lemma level_state_step_op_eq:
  "op_eq (At g) (level_state g \<rho> i)
     (apply_op (At g) (level_gate id_perspective (level g i)) (level_state g \<rho> (Suc i)))"
proof (cases "i < height g")
  case True
  then show ?thesis by (simp add: level_state_step)
next
  case False
  then have "level_gate id_perspective (level g i) = op_id"
    by (intro level_gate_atomic ballI level_beyond_height_atomic) simp_all
  then show ?thesis
    using False apply_op_id[of "At g" \<rho>] by (simp add: level_state_bottom op_eq_sym)
qed

lemma density_level_state: "density (At g) \<rho> \<Longrightarrow> density (At g) (level_state g \<rho> i)"
proof -
  assume "density (At g) \<rho>"
  then have "density (At g) (evolve g \<rho> d)" for d
    using unitary_op_level_gate[of "level g _"]
    by (induction d) (simp_all add: sum_At_level density_apply_op)
  then show ?thesis
    by (simp add: level_state_def)
qed

lemma level_state_cong: "op_eq (At g) \<rho> \<rho>' \<Longrightarrow> op_eq (At g) (level_state g \<rho> i) (level_state g \<rho>' i)"
proof -
  assume "op_eq (At g) \<rho> \<rho>'"
  then have "op_eq (At g) (evolve g \<rho> d) (evolve g \<rho>' d)" for d
    by (induction d) (simp_all add: apply_op_cong[of "At g"])
  then show ?thesis
    by (simp add: level_state_def)
qed

definition partial_trace :: "nat \<Rightarrow> nat \<Rightarrow> qop \<Rightarrow> qop" where
  "partial_trace a b \<rho> = (\<lambda>x y. \<Sum>z\<in>bits a. \<Sum>w\<in>bits b. \<rho> (z @ x @ w) (z @ y @ w))"

lemma red_eq_partial_trace:
  "red dims j \<rho> = partial_trace (sum_list (take j dims)) (sum_list (drop (Suc j) dims)) \<rho>"
  by (simp add: red_def partial_trace_def)

lemma tensor3_trace_kernel:
  assumes "unitary_op a A" and "unitary_op b C"
    and "length x = n" "length y = n"
    and "length u1 = a" "length u2 = n" "length u3 = b" "length v1 = a" "length v2 = n" "length v3 = b"
  shows "(\<Sum>z\<in>bits a. \<Sum>w\<in>bits b. op_tensor a A (op_tensor n B C) (z @ x @ w) (u1 @ u2 @ u3)
            * cnj (op_tensor a A (op_tensor n B C) (z @ y @ w) (v1 @ v2 @ v3)))
         = (if v1 = u1 \<and> v3 = u3 then B x u2 * cnj (B y v2) else 0)"
proof -
  have "(\<Sum>z\<in>bits a. \<Sum>w\<in>bits b. op_tensor a A (op_tensor n B C) (z @ x @ w) (u1 @ u2 @ u3)
            * cnj (op_tensor a A (op_tensor n B C) (z @ y @ w) (v1 @ v2 @ v3)))
      = (\<Sum>z\<in>bits a. \<Sum>w\<in>bits b.
           (cnj (A z v1) * A z u1) * (cnj (C w v3) * C w u3) * (B x u2 * cnj (B y v2)))"
    using assms(3-) by (intro sum.cong refl) (simp add: op_tensor_def mult_ac)
  also have "\<dots> = (\<Sum>z\<in>bits a. cnj (A z v1) * A z u1) * (\<Sum>w\<in>bits b. cnj (C w v3) * C w u3)
      * (B x u2 * cnj (B y v2))"
    by (subst sum_product) (simp add: sum_distrib_right)
  also have "\<dots> = (if v1 = u1 \<and> v3 = u3 then B x u2 * cnj (B y v2) else 0)"
    using assms unfolding unitary_op_def by simp
  finally show ?thesis .
qed

lemma partial_trace_apply_tensor:
  assumes "unitary_op a A" and "unitary_op b C" and "length x = n" and "length y = n"
  shows "partial_trace a b (apply_op (a + n + b) (op_tensor a A (op_tensor n B C)) \<rho>) x y
       = apply_op n B (partial_trace a b \<rho>) x y"
proof -
  define G where "G = op_tensor a A (op_tensor n B C)"
  have "partial_trace a b (apply_op (a + n + b) G \<rho>) x y
      = (\<Sum>v\<in>bits (a + n + b). \<Sum>u\<in>bits (a + n + b). \<rho> u v *
           (\<Sum>z\<in>bits a. \<Sum>w\<in>bits b. G (z @ x @ w) u * cnj (G (z @ y @ w) v)))"
    unfolding partial_trace_def apply_op_entry
    by (subst sum_swap_pairs) (simp add: sum_distrib_left mult_ac)
  also have "\<dots> = (\<Sum>v1\<in>bits a. \<Sum>v2\<in>bits n. \<Sum>v3\<in>bits b. \<Sum>u2\<in>bits n.
           \<rho> (v1 @ u2 @ v3) (v1 @ v2 @ v3) * (B x u2 * cnj (B y v2)))"
    unfolding sum_bits_append3 G_def using assms
    by (simp add: tensor3_trace_kernel if_distrib[of "\<lambda>t. _ * t"] sum_delta_first_last cong: if_cong)
  also have "\<dots> = (\<Sum>v2\<in>bits n. \<Sum>u2\<in>bits n. \<Sum>v1\<in>bits a. \<Sum>v3\<in>bits b.
           \<rho> (v1 @ u2 @ v3) (v1 @ v2 @ v3) * (B x u2 * cnj (B y v2)))"
    by (simp only: sum.swap[of _ "bits b" "bits n"] sum.swap[of _ "bits a" "bits n"])
  also have "\<dots> = apply_op n B (partial_trace a b \<rho>) x y"
    unfolding apply_op_entry partial_trace_def by (simp add: sum_distrib_left sum_distrib_right mult_ac)
  finally show ?thesis
    unfolding G_def .
qed

lemma partial_trace_level_state:
  assumes lev: "level g i = L1 @ [b] @ L2" and "1 \<le> i" and "i \<le> height g"
  defines "a \<equiv> sum_list (map At L1)" and "c \<equiv> sum_list (map At L2)"
  shows "op_eq (At b) (partial_trace a c (level_state g \<rho> i)) (level_state b (partial_trace a c \<rho>) 1)"
proof -
  define \<rho>' where "\<rho>' = partial_trace a c \<rho>"
  have "height b + i \<le> height g + 1"
    using height_level[OF assms(2), of b g] is_atomic_simps[of b] assms(3) lev by auto
  have "op_eq (At b) (partial_trace a c (level_state g \<rho> i)) (level_state b \<rho>' (i - i + 1))"
    using assms(3)
  proof (rule inc_induct[where P = "\<lambda>k. op_eq (At b) (partial_trace a c (level_state g \<rho> k))
      (level_state b \<rho>' (k - i + 1))"])
    show "op_eq (At b) (partial_trace a c (level_state g \<rho> (height g)))
      (level_state b \<rho>' (height g - i + 1))"
      using \<open>height b + i \<le> height g + 1\<close> by (simp add: level_state_bottom \<rho>'_def)
  next
    fix k assume "i \<le> k" and "k < height g"
      and IH: "op_eq (At b) (partial_trace a c (level_state g \<rho> (Suc k)))
        (level_state b \<rho>' (Suc k - i + 1))"
    define X Y Z where "X = (next_level ^^ (k - i)) L1" and "Y = level b (k - i + 1)"
      and "Z = (next_level ^^ (k - i)) L2"
    have "level g k = X @ Y @ Z"
      unfolding X_def Y_def Z_def using level_split[OF lev assms(2) \<open>i \<le> k\<close>] by simp
    moreover have "sum_list (map At X) = a" "sum_list (map At Y) = At b" "sum_list (map At Z) = c"
      by (simp_all add: X_def Y_def Z_def a_def c_def sum_At_next_level_pow sum_At_level)
    ultimately have gate: "level_gate id_perspective (level g k)
        = op_tensor a (level_gate id_perspective X)
            (op_tensor (At b) (level_gate id_perspective Y) (level_gate id_perspective Z))"
      and At_g: "At g = a + At b + c"
      using sum_At_level[of g k] by (simp_all add: level_gate_append)
    have "op_eq (At b) (partial_trace a c (level_state g \<rho> k))
        (apply_op (At b) (level_gate id_perspective Y) (partial_trace a c (level_state g \<rho> (Suc k))))"
      unfolding op_eq_def level_state_step[OF \<open>k < height g\<close>] gate At_g
      using unitary_op_level_gate[of X] unitary_op_level_gate[of Z]
        \<open>sum_list (map At X) = a\<close> \<open>sum_list (map At Z) = c\<close>
      by (simp add: partial_trace_apply_tensor)
    also have "\<dots> = apply_op (At b) (level_gate id_perspective Y) (level_state b \<rho>' (Suc k - i + 1))"
      by (rule apply_op_cong[OF IH])
    also have "op_eq (At b) \<dots> (level_state b \<rho>' (k - i + 1))"
      using level_state_step_op_eq[of b \<rho>' "k - i + 1"] \<open>i \<le> k\<close>
      by (simp add: Y_def Suc_diff_le op_eq_sym)
    finally show "op_eq (At b) (partial_trace a c (level_state g \<rho> k)) (level_state b \<rho>' (k - i + 1))" .
  qed
  then show ?thesis
    by (simp add: \<rho>'_def)
qed

section \<open>Fair-coin mixtures\<close>

definition coin_mixture :: "(bool \<Rightarrow> bool list) \<Rightarrow> qop" where
  "coin_mixture us = (\<lambda>x y. (\<Sum>c\<in>UNIV. if x = us c \<and> y = us c then 1 else 0) / 2)"

lemma coin_mixture_entry:
  "coin_mixture us x y
   = ((if x = us False \<and> y = us False then 1 else 0) + (if x = us True \<and> y = us True then 1 else 0)) / 2"
  by (simp add: coin_mixture_def UNIV_bool add.commute)

lemma coin_mixture_flip: "coin_mixture (\<lambda>c. us (c \<noteq> d)) = coin_mixture us"
  by (cases d) (simp_all add: coin_mixture_entry add.commute fun_eq_iff)

lemma density_coin_mixture:
  assumes "\<And>c. length (us c) = n"
  shows "density n (coin_mixture us)"
proof -
  have form: "(\<Sum>x\<in>bits n. \<Sum>y\<in>bits n. cnj (v x) * coin_mixture us x y * v y)
      = (\<Sum>c\<in>UNIV. cnj (v (us c)) * v (us c)) / 2" for v
  proof -
    have "(\<Sum>x\<in>bits n. \<Sum>y\<in>bits n. cnj (v x) * coin_mixture us x y * v y)
       = (\<Sum>c\<in>UNIV. \<Sum>x\<in>bits n. \<Sum>y\<in>bits n. if x = us c \<and> y = us c then cnj (v x) * v y / 2 else 0)"
      unfolding coin_mixture_def
      by (simp add: sum_distrib_left sum_distrib_right sum_divide_distrib sum.swap[of _ "bits n" UNIV]
          if_distrib[of "\<lambda>t. _ * t"] if_distrib[of "\<lambda>t. t * _"] if_distrib[of "\<lambda>t. t / _"] cong: if_cong)
    also have "\<dots> = (\<Sum>c\<in>UNIV. cnj (v (us c)) * v (us c)) / 2"
      using assms by (simp add: sum_delta_pair sum_divide_distrib)
    finally show ?thesis .
  qed
  have "cnj z * z = complex_of_real ((Re z)\<^sup>2 + (Im z)\<^sup>2)" for z
    by (simp add: complex_mult_cnj mult.commute)
  then have "Im (\<Sum>x\<in>bits n. \<Sum>y\<in>bits n. cnj (v x) * coin_mixture us x y * v y) = 0 \<and>
      Re (\<Sum>x\<in>bits n. \<Sum>y\<in>bits n. cnj (v x) * coin_mixture us x y * v y) \<ge> 0" for v
    unfolding form by (simp add: UNIV_bool)
  moreover have "op_trace n (coin_mixture us) = 1"
    using assms by (simp add: op_trace_def coin_mixture_entry sum.distrib sum_divide_distrib[symmetric])
  moreover have "coin_mixture us x y = cnj (coin_mixture us y x)" for x y
    by (auto simp: coin_mixture_entry)
  ultimately show ?thesis
    unfolding density_def by blast
qed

::::::::::

- [TO DO] In these records, tally the lines that contain the string "definition", and give only the result.

- [ANSWER AREA] 2